- [WHAT THE TASK REQUIRES] Repeat exactly, and only, the lines below starting at the line that contains "lemma (in prob_space)" and ending at the line that contains "(\<lambda>_. \<mu>)) = (\<integral>\<^sup>+e.", inclusive of both.

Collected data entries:
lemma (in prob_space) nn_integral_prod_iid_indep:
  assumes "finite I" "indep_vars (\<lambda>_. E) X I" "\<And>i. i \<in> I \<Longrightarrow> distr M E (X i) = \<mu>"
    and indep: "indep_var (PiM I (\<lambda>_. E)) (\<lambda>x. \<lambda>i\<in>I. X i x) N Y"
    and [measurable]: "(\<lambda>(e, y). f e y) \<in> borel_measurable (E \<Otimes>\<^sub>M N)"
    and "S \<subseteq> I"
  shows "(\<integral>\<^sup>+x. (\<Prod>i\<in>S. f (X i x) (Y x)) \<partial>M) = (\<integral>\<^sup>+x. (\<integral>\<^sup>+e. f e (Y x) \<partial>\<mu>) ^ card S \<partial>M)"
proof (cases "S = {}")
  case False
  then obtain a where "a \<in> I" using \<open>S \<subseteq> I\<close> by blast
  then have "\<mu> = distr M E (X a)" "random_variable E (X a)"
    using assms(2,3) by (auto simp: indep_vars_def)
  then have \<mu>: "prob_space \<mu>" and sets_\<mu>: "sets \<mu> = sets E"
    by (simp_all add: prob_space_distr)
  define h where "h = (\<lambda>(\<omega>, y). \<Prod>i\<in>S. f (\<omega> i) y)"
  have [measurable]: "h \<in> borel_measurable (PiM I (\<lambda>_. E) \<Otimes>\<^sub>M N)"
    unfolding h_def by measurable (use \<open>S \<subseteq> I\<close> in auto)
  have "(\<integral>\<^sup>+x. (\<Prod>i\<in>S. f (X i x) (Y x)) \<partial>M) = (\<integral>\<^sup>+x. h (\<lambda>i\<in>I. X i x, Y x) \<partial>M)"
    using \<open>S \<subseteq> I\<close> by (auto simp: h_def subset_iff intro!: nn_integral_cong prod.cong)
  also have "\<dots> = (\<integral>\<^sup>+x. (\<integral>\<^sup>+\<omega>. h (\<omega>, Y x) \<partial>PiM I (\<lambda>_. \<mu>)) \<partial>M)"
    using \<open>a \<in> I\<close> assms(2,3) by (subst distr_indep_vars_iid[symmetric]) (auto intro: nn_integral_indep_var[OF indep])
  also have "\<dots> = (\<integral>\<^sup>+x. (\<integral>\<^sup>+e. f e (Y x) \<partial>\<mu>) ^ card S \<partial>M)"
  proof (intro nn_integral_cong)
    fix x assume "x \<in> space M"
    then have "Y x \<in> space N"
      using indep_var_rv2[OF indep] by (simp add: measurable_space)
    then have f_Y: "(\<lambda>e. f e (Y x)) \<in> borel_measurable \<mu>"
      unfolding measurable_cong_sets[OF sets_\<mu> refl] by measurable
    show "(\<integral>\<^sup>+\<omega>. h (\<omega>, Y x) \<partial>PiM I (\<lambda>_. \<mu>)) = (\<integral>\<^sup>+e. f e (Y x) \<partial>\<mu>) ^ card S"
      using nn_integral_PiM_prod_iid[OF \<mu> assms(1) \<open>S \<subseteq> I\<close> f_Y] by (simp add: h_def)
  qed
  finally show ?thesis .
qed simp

...

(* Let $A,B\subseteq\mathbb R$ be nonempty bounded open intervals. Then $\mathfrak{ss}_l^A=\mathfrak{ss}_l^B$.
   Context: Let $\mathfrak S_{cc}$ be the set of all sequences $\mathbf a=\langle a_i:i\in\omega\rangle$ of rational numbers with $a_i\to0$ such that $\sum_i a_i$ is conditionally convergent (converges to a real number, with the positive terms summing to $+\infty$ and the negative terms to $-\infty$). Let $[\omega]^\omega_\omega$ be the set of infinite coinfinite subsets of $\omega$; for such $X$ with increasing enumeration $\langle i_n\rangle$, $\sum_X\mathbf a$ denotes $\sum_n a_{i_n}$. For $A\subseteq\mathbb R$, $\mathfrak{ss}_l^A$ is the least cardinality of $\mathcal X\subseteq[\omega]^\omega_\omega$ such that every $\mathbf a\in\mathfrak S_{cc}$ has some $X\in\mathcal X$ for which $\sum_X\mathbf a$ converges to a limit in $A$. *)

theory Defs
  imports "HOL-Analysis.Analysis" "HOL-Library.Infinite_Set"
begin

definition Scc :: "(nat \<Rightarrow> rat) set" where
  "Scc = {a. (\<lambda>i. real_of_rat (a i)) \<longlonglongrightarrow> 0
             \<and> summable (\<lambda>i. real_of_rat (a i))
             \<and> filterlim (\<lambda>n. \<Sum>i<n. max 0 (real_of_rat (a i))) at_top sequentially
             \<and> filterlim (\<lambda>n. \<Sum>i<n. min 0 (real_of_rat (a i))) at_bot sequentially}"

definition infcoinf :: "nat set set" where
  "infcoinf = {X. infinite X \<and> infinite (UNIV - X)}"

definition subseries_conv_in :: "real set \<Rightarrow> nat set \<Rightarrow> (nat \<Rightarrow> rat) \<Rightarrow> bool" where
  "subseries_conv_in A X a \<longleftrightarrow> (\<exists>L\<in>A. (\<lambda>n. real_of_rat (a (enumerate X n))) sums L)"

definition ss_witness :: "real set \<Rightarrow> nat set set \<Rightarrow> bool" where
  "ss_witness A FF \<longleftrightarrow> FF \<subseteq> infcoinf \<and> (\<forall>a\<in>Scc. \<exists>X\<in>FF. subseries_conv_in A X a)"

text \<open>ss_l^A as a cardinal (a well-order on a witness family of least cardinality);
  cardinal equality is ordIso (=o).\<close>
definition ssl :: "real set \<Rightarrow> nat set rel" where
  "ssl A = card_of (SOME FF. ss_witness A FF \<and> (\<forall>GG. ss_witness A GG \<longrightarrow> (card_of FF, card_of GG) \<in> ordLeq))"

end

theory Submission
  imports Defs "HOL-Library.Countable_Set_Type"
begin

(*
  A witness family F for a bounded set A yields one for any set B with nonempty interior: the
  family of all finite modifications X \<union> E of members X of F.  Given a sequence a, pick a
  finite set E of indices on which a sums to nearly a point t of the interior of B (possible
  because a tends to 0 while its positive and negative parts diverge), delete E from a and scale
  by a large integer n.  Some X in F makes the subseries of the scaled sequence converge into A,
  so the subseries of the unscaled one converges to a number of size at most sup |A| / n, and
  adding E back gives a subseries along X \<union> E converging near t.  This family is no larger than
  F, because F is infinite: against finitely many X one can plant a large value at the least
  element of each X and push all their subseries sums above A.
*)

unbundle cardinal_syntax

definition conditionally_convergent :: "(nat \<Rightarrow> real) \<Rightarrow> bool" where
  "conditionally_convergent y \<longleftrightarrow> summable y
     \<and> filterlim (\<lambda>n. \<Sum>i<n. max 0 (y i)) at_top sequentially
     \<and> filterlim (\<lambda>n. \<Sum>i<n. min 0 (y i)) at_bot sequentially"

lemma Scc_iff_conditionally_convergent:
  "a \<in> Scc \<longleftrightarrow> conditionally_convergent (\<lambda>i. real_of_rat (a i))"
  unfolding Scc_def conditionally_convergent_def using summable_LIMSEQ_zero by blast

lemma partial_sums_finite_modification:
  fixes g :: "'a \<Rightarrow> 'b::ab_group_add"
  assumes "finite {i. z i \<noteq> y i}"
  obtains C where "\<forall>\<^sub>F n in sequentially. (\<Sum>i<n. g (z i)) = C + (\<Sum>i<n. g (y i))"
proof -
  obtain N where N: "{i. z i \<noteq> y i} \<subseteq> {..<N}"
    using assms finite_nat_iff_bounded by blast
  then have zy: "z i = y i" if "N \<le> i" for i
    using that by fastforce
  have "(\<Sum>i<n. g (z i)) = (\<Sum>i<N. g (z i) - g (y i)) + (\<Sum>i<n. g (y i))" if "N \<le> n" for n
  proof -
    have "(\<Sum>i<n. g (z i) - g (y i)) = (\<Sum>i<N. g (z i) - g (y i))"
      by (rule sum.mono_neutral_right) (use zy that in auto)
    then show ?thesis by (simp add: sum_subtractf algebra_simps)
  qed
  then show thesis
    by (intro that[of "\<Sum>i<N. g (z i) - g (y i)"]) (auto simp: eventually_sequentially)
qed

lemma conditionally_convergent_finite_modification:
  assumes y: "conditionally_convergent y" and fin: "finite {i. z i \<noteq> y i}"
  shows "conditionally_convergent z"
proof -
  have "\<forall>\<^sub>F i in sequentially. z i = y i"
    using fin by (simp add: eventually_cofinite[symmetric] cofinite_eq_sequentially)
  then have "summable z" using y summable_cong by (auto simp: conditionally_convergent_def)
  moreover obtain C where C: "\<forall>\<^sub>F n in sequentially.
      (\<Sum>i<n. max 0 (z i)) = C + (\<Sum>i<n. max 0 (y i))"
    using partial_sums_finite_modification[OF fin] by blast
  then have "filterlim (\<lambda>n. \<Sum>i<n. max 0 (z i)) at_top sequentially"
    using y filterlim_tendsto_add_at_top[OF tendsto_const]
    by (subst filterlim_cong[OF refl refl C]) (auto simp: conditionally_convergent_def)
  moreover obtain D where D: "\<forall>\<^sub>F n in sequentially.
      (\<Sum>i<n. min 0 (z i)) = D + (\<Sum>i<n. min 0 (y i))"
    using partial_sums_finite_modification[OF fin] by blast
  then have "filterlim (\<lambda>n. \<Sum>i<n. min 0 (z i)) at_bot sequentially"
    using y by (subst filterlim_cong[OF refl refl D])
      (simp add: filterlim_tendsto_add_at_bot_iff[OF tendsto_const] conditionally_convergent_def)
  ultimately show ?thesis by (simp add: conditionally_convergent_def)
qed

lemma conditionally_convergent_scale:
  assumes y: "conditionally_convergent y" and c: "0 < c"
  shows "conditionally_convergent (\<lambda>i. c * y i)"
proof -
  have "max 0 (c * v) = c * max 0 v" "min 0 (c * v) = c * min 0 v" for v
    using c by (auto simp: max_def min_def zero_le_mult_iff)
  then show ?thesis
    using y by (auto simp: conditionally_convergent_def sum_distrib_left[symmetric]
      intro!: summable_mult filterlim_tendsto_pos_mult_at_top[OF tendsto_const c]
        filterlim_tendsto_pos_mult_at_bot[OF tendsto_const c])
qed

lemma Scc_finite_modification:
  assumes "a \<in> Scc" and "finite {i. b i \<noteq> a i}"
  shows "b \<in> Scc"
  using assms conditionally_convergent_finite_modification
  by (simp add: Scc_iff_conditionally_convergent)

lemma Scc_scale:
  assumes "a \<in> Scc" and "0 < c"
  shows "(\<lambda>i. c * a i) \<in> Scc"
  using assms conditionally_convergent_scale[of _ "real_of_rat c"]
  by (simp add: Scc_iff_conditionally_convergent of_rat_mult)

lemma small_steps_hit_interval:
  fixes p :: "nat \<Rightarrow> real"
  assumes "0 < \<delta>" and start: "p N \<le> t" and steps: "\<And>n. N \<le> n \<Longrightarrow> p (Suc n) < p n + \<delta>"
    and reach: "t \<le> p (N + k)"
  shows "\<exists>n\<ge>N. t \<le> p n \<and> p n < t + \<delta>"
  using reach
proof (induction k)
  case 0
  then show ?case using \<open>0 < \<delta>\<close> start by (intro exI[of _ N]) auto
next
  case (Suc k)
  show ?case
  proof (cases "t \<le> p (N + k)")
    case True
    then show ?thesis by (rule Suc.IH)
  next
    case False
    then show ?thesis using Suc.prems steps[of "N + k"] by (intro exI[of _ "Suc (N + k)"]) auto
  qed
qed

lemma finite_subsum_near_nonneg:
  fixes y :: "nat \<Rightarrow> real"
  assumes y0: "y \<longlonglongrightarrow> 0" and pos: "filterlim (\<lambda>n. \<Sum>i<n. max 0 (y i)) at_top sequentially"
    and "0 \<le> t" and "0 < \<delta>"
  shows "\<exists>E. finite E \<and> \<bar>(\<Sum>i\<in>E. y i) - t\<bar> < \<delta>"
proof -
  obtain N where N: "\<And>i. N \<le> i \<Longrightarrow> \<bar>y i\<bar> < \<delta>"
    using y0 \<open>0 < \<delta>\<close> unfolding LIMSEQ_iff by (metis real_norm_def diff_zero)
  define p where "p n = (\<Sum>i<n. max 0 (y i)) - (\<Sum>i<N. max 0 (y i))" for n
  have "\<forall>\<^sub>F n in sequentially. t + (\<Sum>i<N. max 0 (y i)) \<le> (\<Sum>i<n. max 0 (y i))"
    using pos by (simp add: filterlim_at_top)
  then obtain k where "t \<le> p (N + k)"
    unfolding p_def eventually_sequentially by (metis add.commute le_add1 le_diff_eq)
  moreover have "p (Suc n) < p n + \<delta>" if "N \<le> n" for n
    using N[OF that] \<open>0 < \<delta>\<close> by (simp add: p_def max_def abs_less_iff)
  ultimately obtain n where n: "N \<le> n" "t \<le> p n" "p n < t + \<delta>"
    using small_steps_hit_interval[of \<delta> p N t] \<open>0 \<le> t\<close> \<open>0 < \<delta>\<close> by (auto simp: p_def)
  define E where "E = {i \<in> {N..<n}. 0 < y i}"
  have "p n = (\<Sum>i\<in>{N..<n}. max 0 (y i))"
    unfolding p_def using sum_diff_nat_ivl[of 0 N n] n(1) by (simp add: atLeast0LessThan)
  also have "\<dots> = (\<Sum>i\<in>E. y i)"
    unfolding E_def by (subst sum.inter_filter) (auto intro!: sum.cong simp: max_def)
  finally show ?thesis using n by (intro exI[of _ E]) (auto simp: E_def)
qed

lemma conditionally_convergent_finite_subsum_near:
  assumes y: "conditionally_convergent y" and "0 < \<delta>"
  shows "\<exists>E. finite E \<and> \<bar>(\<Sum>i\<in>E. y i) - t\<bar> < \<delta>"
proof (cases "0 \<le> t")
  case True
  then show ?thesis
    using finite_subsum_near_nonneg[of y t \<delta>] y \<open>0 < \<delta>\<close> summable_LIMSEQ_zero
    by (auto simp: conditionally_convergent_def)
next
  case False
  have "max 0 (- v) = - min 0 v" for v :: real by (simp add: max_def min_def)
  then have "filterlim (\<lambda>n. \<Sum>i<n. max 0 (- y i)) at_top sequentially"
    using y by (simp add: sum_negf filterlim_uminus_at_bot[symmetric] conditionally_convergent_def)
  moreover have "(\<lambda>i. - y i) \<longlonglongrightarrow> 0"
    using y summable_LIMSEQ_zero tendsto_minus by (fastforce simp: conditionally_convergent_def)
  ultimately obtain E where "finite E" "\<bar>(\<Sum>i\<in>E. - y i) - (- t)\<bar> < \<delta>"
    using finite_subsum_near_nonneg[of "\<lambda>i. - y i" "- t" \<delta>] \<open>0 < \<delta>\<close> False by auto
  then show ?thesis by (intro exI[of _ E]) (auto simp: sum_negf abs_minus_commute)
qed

* * *

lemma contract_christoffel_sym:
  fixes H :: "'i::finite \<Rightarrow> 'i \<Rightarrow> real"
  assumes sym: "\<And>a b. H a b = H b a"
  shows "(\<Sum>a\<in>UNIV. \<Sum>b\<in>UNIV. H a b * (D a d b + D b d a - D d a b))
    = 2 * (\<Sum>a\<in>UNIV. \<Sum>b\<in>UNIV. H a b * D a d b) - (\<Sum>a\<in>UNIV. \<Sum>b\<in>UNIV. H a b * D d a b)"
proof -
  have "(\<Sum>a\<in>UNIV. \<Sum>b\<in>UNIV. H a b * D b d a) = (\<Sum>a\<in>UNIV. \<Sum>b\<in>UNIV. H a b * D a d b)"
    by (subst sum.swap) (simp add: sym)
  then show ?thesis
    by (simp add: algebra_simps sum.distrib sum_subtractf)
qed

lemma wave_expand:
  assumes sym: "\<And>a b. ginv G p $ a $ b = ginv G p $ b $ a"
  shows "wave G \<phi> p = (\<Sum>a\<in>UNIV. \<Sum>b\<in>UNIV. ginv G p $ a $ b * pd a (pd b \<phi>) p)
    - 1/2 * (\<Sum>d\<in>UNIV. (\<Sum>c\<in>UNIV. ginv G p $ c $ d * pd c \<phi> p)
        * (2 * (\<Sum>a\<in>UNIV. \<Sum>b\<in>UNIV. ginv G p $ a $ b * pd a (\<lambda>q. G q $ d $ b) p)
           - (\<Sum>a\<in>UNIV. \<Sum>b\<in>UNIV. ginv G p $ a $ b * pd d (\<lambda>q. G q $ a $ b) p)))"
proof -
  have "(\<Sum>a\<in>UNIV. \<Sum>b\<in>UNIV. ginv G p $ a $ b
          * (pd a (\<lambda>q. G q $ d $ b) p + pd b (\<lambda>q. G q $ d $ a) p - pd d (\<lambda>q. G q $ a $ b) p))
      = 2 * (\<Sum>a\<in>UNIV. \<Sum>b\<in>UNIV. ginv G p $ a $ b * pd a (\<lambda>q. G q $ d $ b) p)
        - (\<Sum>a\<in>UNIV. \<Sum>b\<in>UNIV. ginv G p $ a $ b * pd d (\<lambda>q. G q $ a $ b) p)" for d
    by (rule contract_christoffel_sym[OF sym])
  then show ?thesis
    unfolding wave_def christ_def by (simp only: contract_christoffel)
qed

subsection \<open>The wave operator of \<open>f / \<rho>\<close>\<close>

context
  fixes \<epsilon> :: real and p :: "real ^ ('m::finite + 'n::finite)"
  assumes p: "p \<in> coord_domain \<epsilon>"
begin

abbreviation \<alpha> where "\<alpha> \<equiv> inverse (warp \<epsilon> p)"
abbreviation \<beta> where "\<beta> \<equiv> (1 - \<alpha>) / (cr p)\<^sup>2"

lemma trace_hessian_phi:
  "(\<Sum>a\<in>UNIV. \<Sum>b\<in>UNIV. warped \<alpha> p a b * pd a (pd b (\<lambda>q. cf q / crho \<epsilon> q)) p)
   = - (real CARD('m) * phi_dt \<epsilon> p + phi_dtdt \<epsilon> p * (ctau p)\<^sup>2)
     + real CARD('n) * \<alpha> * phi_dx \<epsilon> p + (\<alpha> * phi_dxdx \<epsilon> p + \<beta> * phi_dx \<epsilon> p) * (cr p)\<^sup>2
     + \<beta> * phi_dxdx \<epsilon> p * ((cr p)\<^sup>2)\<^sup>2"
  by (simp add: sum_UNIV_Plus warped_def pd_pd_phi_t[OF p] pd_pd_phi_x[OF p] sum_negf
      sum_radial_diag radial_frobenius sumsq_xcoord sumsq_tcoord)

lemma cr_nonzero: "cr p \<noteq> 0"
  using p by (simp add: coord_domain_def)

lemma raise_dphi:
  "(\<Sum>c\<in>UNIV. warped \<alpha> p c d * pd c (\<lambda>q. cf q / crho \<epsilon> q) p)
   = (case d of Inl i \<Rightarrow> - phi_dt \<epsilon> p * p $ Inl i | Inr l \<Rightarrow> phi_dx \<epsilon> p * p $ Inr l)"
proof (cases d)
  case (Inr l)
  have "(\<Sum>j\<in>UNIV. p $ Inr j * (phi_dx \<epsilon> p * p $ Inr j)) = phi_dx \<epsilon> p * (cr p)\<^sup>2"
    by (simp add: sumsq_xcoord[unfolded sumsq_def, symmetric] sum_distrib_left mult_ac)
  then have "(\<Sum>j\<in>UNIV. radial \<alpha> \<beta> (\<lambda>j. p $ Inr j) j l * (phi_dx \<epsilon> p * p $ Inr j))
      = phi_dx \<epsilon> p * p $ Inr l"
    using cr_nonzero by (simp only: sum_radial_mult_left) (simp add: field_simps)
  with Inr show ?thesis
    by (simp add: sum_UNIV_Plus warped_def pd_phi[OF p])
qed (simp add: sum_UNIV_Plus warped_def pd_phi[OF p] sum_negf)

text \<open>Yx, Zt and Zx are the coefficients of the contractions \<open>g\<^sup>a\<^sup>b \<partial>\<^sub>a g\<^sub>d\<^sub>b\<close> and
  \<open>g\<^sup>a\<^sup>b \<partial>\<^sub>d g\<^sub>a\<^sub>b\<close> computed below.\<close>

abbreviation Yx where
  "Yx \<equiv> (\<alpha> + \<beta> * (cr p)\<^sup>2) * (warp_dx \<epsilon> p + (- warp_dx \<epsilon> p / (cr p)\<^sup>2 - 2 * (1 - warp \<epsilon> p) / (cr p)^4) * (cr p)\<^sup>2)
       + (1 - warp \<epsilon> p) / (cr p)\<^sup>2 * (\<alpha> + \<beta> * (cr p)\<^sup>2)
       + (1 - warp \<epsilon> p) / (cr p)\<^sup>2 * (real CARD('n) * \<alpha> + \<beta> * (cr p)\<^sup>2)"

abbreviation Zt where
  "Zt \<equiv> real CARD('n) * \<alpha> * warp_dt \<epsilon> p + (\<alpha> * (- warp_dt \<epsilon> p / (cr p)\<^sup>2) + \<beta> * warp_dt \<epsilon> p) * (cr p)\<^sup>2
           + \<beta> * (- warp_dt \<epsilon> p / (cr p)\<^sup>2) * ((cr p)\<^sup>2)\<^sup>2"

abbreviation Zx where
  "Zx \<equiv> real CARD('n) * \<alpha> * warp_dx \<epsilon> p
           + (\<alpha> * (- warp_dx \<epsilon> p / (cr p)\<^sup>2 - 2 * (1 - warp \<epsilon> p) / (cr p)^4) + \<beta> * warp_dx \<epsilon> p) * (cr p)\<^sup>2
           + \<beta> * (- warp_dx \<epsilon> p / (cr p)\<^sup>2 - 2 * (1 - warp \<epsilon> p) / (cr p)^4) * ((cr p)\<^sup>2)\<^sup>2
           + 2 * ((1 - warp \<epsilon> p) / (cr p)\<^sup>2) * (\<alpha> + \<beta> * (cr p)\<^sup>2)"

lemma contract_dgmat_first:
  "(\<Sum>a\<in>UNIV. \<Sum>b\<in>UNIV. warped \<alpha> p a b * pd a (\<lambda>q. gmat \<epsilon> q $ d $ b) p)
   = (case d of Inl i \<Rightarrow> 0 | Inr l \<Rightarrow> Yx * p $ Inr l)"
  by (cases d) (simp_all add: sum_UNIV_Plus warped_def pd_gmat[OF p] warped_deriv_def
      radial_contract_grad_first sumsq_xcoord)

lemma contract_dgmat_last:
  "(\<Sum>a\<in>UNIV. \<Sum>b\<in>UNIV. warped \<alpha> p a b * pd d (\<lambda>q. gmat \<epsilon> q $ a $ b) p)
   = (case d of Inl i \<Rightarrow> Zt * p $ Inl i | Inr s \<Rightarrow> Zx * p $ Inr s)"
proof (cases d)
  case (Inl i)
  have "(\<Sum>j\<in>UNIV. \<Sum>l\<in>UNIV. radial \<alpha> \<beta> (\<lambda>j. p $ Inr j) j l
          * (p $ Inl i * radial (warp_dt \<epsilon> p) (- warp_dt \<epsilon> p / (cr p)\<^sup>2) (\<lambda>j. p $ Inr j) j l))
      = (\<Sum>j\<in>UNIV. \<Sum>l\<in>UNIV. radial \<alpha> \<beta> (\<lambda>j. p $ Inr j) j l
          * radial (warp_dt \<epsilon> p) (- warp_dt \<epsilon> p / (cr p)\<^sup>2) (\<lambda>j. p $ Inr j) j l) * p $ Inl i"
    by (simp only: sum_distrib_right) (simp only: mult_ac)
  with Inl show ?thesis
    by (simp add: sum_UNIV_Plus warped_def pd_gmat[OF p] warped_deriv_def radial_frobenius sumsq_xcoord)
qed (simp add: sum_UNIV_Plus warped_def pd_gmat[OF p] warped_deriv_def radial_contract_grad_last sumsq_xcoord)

- [ANSWER BELOW]
lemma (in prob_space) nn_integral_prod_iid_indep:
  assumes "finite I" "indep_vars (\<lambda>_. E) X I" "\<And>i. i \<in> I \<Longrightarrow> distr M E (X i) = \<mu>"
    and indep: "indep_var (PiM I (\<lambda>_. E)) (\<lambda>x. \<lambda>i\<in>I. X i x) N Y"
    and [measurable]: "(\<lambda>(e, y). f e y) \<in> borel_measurable (E \<Otimes>\<^sub>M N)"
    and "S \<subseteq> I"
  shows "(\<integral>\<^sup>+x. (\<Prod>i\<in>S. f (X i x) (Y x)) \<partial>M) = (\<integral>\<^sup>+x. (\<integral>\<^sup>+e. f e (Y x) \<partial>\<mu>) ^ card S \<partial>M)"
proof (cases "S = {}")
  case False
  then obtain a where "a \<in> I" using \<open>S \<subseteq> I\<close> by blast
  then have "\<mu> = distr M E (X a)" "random_variable E (X a)"
    using assms(2,3) by (auto simp: indep_vars_def)
  then have \<mu>: "prob_space \<mu>" and sets_\<mu>: "sets \<mu> = sets E"
    by (simp_all add: prob_space_distr)
  define h where "h = (\<lambda>(\<omega>, y). \<Prod>i\<in>S. f (\<omega> i) y)"
  have [measurable]: "h \<in> borel_measurable (PiM I (\<lambda>_. E) \<Otimes>\<^sub>M N)"
    unfolding h_def by measurable (use \<open>S \<subseteq> I\<close> in auto)
  have "(\<integral>\<^sup>+x. (\<Prod>i\<in>S. f (X i x) (Y x)) \<partial>M) = (\<integral>\<^sup>+x. h (\<lambda>i\<in>I. X i x, Y x) \<partial>M)"
    using \<open>S \<subseteq> I\<close> by (auto simp: h_def subset_iff intro!: nn_integral_cong prod.cong)
  also have "\<dots> = (\<integral>\<^sup>+x. (\<integral>\<^sup>+\<omega>. h (\<omega>, Y x) \<partial>PiM I (\<lambda>_. \<mu>)) \<partial>M)"
    using \<open>a \<in> I\<close> assms(2,3) by (subst distr_indep_vars_iid[symmetric]) (auto intro: nn_integral_indep_var[OF indep])
  also have "\<dots> = (\<integral>\<^sup>+x. (\<integral>\<^sup>+e. f e (Y x) \<partial>\<mu>) ^ card S \<partial>M)"
  proof (intro nn_integral_cong)
    fix x assume "x \<in> space M"
    then have "Y x \<in> space N"
      using indep_var_rv2[OF indep] by (simp add: measurable_space)
    then have f_Y: "(\<lambda>e. f e (Y x)) \<in> borel_measurable \<mu>"
      unfolding measurable_cong_sets[OF sets_\<mu> refl] by measurable
    show "(\<integral>\<^sup>+\<omega>. h (\<omega>, Y x) \<partial>PiM I (\<lambda>_. \<mu>)) = (\<integral>\<^sup>+e. f e (Y x) \<partial>\<mu>) ^ card S"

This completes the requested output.